- _What is being asked_
Needed from the entries below: every line that holds the word "rule".

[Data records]
###
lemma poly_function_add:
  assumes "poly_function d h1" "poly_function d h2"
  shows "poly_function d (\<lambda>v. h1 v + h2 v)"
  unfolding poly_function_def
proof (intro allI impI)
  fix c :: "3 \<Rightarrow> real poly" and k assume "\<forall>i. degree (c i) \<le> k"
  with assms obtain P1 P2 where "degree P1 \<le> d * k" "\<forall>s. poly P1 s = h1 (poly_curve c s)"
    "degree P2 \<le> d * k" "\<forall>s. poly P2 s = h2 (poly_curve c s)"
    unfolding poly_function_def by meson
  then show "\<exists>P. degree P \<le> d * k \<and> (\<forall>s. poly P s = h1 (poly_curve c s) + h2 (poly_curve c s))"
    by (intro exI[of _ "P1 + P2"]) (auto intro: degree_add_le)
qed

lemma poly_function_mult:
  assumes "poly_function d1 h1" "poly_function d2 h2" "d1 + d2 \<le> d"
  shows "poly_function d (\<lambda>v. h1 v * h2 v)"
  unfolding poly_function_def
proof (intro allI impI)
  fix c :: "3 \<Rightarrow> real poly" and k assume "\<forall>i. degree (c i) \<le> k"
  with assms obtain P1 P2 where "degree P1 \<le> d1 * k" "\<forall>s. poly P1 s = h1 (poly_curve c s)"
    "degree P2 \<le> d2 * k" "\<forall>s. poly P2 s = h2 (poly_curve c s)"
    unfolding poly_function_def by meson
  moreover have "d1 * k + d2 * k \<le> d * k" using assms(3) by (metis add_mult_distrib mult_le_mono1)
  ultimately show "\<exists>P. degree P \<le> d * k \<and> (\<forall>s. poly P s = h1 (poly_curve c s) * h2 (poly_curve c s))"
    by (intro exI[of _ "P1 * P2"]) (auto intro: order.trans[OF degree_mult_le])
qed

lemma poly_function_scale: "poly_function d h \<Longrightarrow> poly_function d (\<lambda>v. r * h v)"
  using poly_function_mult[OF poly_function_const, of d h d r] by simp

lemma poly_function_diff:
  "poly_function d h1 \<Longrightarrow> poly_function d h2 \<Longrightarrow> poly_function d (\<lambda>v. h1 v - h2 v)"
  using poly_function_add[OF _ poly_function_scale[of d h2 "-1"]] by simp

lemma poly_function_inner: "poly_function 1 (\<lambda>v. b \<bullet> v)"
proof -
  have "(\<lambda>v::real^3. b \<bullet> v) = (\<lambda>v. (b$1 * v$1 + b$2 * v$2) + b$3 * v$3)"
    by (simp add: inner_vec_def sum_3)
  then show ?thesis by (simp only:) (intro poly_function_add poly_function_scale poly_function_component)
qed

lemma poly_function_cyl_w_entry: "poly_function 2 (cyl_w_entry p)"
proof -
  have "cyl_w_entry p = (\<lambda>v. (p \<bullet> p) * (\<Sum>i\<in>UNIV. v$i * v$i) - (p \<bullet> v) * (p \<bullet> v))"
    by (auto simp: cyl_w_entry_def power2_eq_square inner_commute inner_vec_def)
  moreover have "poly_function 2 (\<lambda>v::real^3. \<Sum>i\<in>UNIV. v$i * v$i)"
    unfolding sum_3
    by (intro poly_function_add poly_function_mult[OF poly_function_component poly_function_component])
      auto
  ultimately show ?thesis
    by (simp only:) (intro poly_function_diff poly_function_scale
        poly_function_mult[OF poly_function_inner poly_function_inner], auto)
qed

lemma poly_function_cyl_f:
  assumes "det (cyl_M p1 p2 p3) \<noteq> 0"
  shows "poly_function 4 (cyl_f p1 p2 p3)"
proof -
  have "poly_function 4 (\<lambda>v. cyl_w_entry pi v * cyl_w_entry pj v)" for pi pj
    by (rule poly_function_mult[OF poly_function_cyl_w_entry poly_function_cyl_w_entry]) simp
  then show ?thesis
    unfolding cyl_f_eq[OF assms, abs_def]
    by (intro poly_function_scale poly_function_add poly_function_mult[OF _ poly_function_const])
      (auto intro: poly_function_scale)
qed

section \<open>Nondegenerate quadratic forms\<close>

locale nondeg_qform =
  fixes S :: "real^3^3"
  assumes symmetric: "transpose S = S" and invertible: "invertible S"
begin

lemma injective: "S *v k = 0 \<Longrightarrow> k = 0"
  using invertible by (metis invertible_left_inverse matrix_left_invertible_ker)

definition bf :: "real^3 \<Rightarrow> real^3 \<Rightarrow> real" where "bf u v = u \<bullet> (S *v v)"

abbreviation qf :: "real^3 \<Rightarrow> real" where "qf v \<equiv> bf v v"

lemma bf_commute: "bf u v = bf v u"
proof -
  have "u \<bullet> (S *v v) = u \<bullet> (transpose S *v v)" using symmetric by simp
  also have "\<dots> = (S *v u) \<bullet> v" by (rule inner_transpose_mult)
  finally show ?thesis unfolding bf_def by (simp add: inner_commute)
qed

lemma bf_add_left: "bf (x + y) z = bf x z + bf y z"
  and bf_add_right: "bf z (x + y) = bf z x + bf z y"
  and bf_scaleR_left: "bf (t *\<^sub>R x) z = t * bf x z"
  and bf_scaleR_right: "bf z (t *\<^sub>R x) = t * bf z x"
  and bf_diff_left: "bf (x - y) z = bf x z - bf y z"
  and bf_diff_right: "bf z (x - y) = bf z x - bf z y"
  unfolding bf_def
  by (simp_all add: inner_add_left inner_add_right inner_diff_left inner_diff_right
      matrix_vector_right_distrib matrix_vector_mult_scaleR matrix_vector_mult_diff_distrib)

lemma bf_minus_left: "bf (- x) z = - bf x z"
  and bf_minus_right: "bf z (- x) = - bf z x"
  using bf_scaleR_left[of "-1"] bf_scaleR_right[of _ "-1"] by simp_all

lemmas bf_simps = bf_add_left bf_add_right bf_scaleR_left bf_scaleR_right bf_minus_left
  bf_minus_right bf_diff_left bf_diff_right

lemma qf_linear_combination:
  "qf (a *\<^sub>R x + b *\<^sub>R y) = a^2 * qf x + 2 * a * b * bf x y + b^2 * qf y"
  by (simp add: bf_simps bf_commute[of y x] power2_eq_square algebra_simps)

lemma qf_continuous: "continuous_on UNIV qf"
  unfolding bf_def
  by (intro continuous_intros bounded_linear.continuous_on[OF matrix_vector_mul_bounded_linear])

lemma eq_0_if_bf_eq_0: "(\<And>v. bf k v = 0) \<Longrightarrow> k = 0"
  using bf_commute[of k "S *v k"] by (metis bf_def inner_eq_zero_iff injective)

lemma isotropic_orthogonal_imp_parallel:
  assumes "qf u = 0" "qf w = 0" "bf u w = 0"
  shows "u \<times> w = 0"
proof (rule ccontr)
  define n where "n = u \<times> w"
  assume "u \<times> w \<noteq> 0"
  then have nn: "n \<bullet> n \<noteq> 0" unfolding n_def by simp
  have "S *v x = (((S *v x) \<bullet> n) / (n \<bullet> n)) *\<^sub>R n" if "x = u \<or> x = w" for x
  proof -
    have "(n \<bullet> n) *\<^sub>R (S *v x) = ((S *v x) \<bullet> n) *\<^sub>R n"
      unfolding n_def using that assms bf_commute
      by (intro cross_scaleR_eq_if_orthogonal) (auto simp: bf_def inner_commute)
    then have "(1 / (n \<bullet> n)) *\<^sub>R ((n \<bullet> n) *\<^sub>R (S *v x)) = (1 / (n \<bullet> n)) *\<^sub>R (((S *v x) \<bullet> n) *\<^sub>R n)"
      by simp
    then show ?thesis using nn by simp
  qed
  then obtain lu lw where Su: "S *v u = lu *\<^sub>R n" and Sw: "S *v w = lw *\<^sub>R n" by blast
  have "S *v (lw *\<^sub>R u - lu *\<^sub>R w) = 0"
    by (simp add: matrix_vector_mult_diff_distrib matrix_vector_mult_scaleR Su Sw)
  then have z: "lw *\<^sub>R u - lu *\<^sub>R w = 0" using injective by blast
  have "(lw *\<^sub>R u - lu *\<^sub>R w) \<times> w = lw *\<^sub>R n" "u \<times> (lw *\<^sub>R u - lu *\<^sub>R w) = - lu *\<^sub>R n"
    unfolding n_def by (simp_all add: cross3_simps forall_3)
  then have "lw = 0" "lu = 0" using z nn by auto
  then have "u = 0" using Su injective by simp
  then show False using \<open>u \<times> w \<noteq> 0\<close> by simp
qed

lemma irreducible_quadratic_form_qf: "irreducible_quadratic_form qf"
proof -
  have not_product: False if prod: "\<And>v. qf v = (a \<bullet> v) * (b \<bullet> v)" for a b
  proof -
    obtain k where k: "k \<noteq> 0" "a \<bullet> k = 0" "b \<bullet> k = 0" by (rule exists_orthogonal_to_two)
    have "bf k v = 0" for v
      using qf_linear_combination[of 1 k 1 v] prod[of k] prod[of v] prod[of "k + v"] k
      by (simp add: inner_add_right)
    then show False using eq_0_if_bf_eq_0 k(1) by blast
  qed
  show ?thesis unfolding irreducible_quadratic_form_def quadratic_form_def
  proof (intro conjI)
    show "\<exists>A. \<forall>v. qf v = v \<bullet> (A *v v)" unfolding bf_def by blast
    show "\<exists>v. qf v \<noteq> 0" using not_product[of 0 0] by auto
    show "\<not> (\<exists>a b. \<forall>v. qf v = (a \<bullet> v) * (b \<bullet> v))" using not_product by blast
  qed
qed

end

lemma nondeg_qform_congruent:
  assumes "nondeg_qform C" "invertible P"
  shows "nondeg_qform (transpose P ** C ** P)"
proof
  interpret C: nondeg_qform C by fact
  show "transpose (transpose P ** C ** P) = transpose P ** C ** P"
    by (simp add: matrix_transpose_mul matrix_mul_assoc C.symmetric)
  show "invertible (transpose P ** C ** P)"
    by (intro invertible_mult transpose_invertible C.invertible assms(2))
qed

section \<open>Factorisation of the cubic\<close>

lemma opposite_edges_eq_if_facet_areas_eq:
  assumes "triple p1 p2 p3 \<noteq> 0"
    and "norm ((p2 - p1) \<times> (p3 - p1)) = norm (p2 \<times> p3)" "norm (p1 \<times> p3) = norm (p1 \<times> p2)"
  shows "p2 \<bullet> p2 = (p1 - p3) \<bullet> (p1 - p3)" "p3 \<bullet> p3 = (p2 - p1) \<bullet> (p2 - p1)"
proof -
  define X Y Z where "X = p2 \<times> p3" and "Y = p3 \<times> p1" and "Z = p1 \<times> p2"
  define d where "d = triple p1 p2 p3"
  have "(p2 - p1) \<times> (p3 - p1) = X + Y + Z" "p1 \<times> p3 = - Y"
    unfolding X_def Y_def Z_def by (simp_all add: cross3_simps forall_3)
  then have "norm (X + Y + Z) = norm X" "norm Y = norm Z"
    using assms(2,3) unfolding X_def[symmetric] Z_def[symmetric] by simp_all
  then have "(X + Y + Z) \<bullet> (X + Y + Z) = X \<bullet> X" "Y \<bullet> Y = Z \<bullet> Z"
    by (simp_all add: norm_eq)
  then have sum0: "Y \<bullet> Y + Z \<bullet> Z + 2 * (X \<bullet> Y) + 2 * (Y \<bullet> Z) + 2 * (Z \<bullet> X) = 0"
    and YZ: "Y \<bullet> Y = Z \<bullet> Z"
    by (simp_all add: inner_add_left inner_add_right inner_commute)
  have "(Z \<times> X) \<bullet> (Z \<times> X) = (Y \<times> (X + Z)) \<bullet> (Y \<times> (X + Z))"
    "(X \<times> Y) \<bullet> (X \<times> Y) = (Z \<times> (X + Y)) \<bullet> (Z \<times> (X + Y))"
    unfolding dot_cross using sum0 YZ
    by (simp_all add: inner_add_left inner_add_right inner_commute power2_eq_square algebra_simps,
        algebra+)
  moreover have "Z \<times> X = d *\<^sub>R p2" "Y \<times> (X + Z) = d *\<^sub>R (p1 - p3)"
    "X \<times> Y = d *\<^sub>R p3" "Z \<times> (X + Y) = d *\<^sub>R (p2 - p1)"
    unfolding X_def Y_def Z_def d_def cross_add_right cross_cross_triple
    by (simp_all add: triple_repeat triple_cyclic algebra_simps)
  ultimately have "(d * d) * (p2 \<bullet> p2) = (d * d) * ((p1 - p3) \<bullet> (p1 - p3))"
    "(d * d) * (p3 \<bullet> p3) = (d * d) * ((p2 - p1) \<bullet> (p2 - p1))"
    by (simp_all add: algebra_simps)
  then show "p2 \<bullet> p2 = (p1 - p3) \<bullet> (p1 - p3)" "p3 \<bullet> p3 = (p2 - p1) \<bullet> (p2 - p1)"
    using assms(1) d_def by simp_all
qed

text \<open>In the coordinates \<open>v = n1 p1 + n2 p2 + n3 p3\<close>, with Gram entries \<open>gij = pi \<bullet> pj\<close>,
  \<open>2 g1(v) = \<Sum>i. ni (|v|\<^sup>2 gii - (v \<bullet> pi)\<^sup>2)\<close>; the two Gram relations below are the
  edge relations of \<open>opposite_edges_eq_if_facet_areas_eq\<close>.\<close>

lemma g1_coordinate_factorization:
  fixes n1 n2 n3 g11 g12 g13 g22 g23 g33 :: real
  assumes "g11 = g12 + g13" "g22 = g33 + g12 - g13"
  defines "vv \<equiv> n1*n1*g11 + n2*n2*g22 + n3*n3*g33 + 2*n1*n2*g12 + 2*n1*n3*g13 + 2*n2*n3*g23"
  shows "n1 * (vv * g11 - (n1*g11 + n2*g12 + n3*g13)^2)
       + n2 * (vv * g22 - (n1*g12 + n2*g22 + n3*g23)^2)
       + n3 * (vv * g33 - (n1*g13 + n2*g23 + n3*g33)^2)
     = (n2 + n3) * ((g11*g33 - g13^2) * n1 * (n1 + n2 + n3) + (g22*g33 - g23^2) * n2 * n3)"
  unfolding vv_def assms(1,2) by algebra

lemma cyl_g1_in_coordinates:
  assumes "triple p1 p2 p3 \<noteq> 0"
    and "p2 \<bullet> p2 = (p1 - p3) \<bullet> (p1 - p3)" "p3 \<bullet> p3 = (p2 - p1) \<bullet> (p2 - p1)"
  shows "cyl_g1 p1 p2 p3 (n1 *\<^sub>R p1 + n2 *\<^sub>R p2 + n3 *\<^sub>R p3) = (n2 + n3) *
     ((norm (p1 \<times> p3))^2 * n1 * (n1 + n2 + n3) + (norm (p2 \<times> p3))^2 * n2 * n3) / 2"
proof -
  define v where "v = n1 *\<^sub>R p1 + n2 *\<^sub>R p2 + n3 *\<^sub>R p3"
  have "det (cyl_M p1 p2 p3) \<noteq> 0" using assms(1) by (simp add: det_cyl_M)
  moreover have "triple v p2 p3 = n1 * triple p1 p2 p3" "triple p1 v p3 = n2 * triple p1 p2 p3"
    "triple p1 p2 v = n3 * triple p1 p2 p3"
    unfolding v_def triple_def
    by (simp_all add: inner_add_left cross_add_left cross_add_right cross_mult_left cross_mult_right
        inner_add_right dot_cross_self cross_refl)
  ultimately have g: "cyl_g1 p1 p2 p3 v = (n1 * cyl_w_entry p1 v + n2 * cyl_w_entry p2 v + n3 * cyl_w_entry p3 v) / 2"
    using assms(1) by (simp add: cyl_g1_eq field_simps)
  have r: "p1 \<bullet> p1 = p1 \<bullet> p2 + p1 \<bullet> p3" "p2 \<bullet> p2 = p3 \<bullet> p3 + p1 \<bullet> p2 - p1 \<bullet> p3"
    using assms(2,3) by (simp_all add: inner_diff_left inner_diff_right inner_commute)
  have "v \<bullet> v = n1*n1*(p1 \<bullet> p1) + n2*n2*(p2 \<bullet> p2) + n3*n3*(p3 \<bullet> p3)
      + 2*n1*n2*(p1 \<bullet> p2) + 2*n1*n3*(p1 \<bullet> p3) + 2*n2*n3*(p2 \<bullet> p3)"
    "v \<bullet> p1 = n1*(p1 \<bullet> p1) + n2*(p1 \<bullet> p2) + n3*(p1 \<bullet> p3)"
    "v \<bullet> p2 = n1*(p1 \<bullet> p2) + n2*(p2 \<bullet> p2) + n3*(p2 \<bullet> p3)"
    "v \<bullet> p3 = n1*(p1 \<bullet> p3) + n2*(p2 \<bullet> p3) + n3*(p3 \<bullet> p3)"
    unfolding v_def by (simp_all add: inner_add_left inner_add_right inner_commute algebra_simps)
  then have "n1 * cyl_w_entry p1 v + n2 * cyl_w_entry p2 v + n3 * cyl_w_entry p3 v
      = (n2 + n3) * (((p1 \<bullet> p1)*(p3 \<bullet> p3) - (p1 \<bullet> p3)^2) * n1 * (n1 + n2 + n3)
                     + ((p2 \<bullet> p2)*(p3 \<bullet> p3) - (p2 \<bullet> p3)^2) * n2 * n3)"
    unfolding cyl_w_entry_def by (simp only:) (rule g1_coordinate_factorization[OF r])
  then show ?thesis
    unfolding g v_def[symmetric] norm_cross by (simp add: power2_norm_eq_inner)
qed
###
- _Task answer_
    by (rule poly_function_mult[OF poly_function_cyl_w_entry poly_function_cyl_w_entry]) simp
  also have "\<dots> = (S *v u) \<bullet> v" by (rule inner_transpose_mult)
proof (rule ccontr)
    obtain k where k: "k \<noteq> 0" "a \<bullet> k = 0" "b \<bullet> k = 0" by (rule exists_orthogonal_to_two)
    unfolding cyl_w_entry_def by (simp only:) (rule g1_coordinate_factorization[OF r])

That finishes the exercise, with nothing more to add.